Tíquico tenía que transmitirles el testimonio de que Pablo se interesaba por el bienestar de los colosenses, y que confiaba que ellos se interesaban también por él. Pablo rinde testimonio al amor de los demás y a su preocupación también por el progreso del evangelio y la prosperidad de los fieles.

Marcos, que anteriormente se había rendido a la hora de asumir los gajes de la obra, recibe aquí un testimonio de parte del apóstol y más adelante otro mejor (2ª Tim. 4:11), pues había llegado a serle muy útil a Pablo. Así es como obra la gracia. El secreto del interés que tuvo Barnabás en él se dilucida en este punto: tenían remotos lazos de sangre. Este amado siervo de Dios era también de Chipre, adonde se fue llevándose a Marcos consigo. La carne y el judaismo siempre se salen con la suya dondequiera que vayan. El poder del Espíritu de Dios es un requisito que nos hace elevarnos y nos pone a salvo de sus influencias.

Demas no tenía un testimonio especial. El apóstol transmite sus saludos, pero guarda silencio respecto a Demas. Solo en la epístola a Filemón se le nombra como colaborador suyo. Más tarde abandonó al apóstol. Era un hermano, un derecho a serlo es algo que Pablo admite sin decir palabra, ciñéndose a su frío estilo de decir las cosas: “Y Demas…”.

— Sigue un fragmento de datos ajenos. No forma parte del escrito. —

lemma triangular_kernel_trivial:
  fixes M :: "'i \<Rightarrow> 'i \<Rightarrow> 'a :: idom" and r :: "'i \<Rightarrow> nat"
  assumes "finite S"
    and diagonal: "\<And>i. i \<in> S \<Longrightarrow> M i i \<noteq> 0"
    and triangular: "\<And>i k. i \<in> S \<Longrightarrow> k \<in> S \<Longrightarrow> M i k \<noteq> 0 \<Longrightarrow> i = k \<or> r k < r i"
    and kernel: "\<And>k. k \<in> S \<Longrightarrow> (\<Sum>i\<in>S. d i * M i k) = 0"
    and "i \<in> S"
  shows "d i = 0"
proof (rule ccontr)
  let ?Z = "{i \<in> S. d i \<noteq> 0}"
  assume "d i \<noteq> 0"
  then have "?Z \<noteq> {}" using \<open>i \<in> S\<close> by blast
  moreover have "finite ?Z" using \<open>finite S\<close> by simp
  ultimately have "Max (r ` ?Z) \<in> r ` ?Z" by simp
  then obtain k where k: "Max (r ` ?Z) = r k" "k \<in> ?Z" by (rule imageE)
  have top: "r i \<le> r k" if "i \<in> ?Z" for i
    using that \<open>finite ?Z\<close> unfolding k(1)[symmetric] by simp
  have "d i * M i k = 0" if i: "i \<in> S - {k}" for i
  proof (cases "d i = 0")
    case False
    then have "\<not> r k < r i" using i top[of i] by simp
    then have "M i k = 0" using triangular[of i k] i k(2) by auto
    then show ?thesis by simp
  qed simp
  then have "(\<Sum>i\<in>S - {k}. d i * M i k) = 0" by (intro sum.neutral) blast
  moreover have "(\<Sum>i\<in>S. d i * M i k) = d k * M k k + (\<Sum>i\<in>S - {k}. d i * M i k)"
    using k(2) \<open>finite S\<close> by (intro sum.remove) auto
  ultimately show False using kernel[of k] diagonal[of k] k(2) by simp
qed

La epístola a los Efesios se escribió al mismo tiempo y fue enviada por mano del mismo Tíquico. La “de Laodicea”, no tengo ninguna duda, era la que ellos tenían que recibir de esa asamblea, escrita por Pablo y a través de la que se beneficiarían.los santos en Colosas; posiblemente fuera la Epístola a los Efesios la que él quería que fuera comunicada a los laodiceanos. Sea como sea, todo lo que se dice es que era una epístola que poseía la asamblea en Laodicea, pero no estaba, en modo alguno, dirigida a ellos, al contrario. Era perfectamente posible que una carta, o centenares de ellas, las pudiera haber escrito Pablo para otras personas y, que Dios, en Sus propósitos, no hubiera querido que llegaran a conocimiento de la asamblea universal. Pero aquí no hay ninguna prueba de que se hubiera escrito la carta a los laodiceanos. Tíquico era el mensajero de dos ellas; puede haber sido el mensajero de tres, siendo una diferente en algunos detalles de aplicación que podrían servir para confirmar a los colosenses que, en general, no se trataba de una comunicación más para otros días; pero, repito, no parece deducirse nada de esto aquí. Podría poner que era una carta “de Laodicea”, porque era allí, en lugar de una carta “a” Laodicea, pero no es el modo de expresión que se utiliza normalmente. Vimos que la carta a los Efesios es otra comunicación del Espíritu de Dios, que se ha conservado para que nos llegue a nosotros. No sabemos si la de Laodicea era la misma carta, dirigida de su puño y letra a los cristianos de esa ciudad, o bien se trataba de otra carta que tenían que enviar a los colosenses (una asamblea próxima a ellos) y que, sin tener nada que añadir a las relaciones divinas, no ha sido preservada para nosotros.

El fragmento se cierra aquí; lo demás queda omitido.